• **WHAT IS EXPECTED**:
Every line in the data below that holds "blast" should be found and copied.

======

theorem lemma3p2:
  fixes c :: real
  assumes "c \<ge> 0"
  shows "{f. irreducible f \<and> (\<exists>k. k \<noteq> 0 \<and> darboux c f k)}
         = {pconst a * px | a. a \<noteq> 0} \<union> {pconst a * py | a. a \<noteq> 0}"
proof (intro equalityI subsetI)
  fix f assume "f \<in> {f. irreducible f \<and> (\<exists>k. k \<noteq> 0 \<and> darboux c f k)}"
  then show "f \<in> {pconst a * px | a. a \<noteq> 0} \<union> {pconst a * py | a. a \<noteq> 0}"
    using irreducible_darboux_eq_pconst_mult_px_or_py by blast
next
  fix f assume "f \<in> {pconst a * px | a. a \<noteq> 0} \<union> {pconst a * py | a. a \<noteq> 0}"
  then show "f \<in> {f. irreducible f \<and> (\<exists>k. k \<noteq> 0 \<and> darboux c f k)}"
    using irreducible_pconst_mult_px irreducible_pconst_mult_py
      darboux_pconst_mult_px darboux_pconst_mult_py by blast
qed

end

======

• **RESULT**:
    using irreducible_darboux_eq_pconst_mult_px_or_py by blast
      darboux_pconst_mult_px darboux_pconst_mult_py by blast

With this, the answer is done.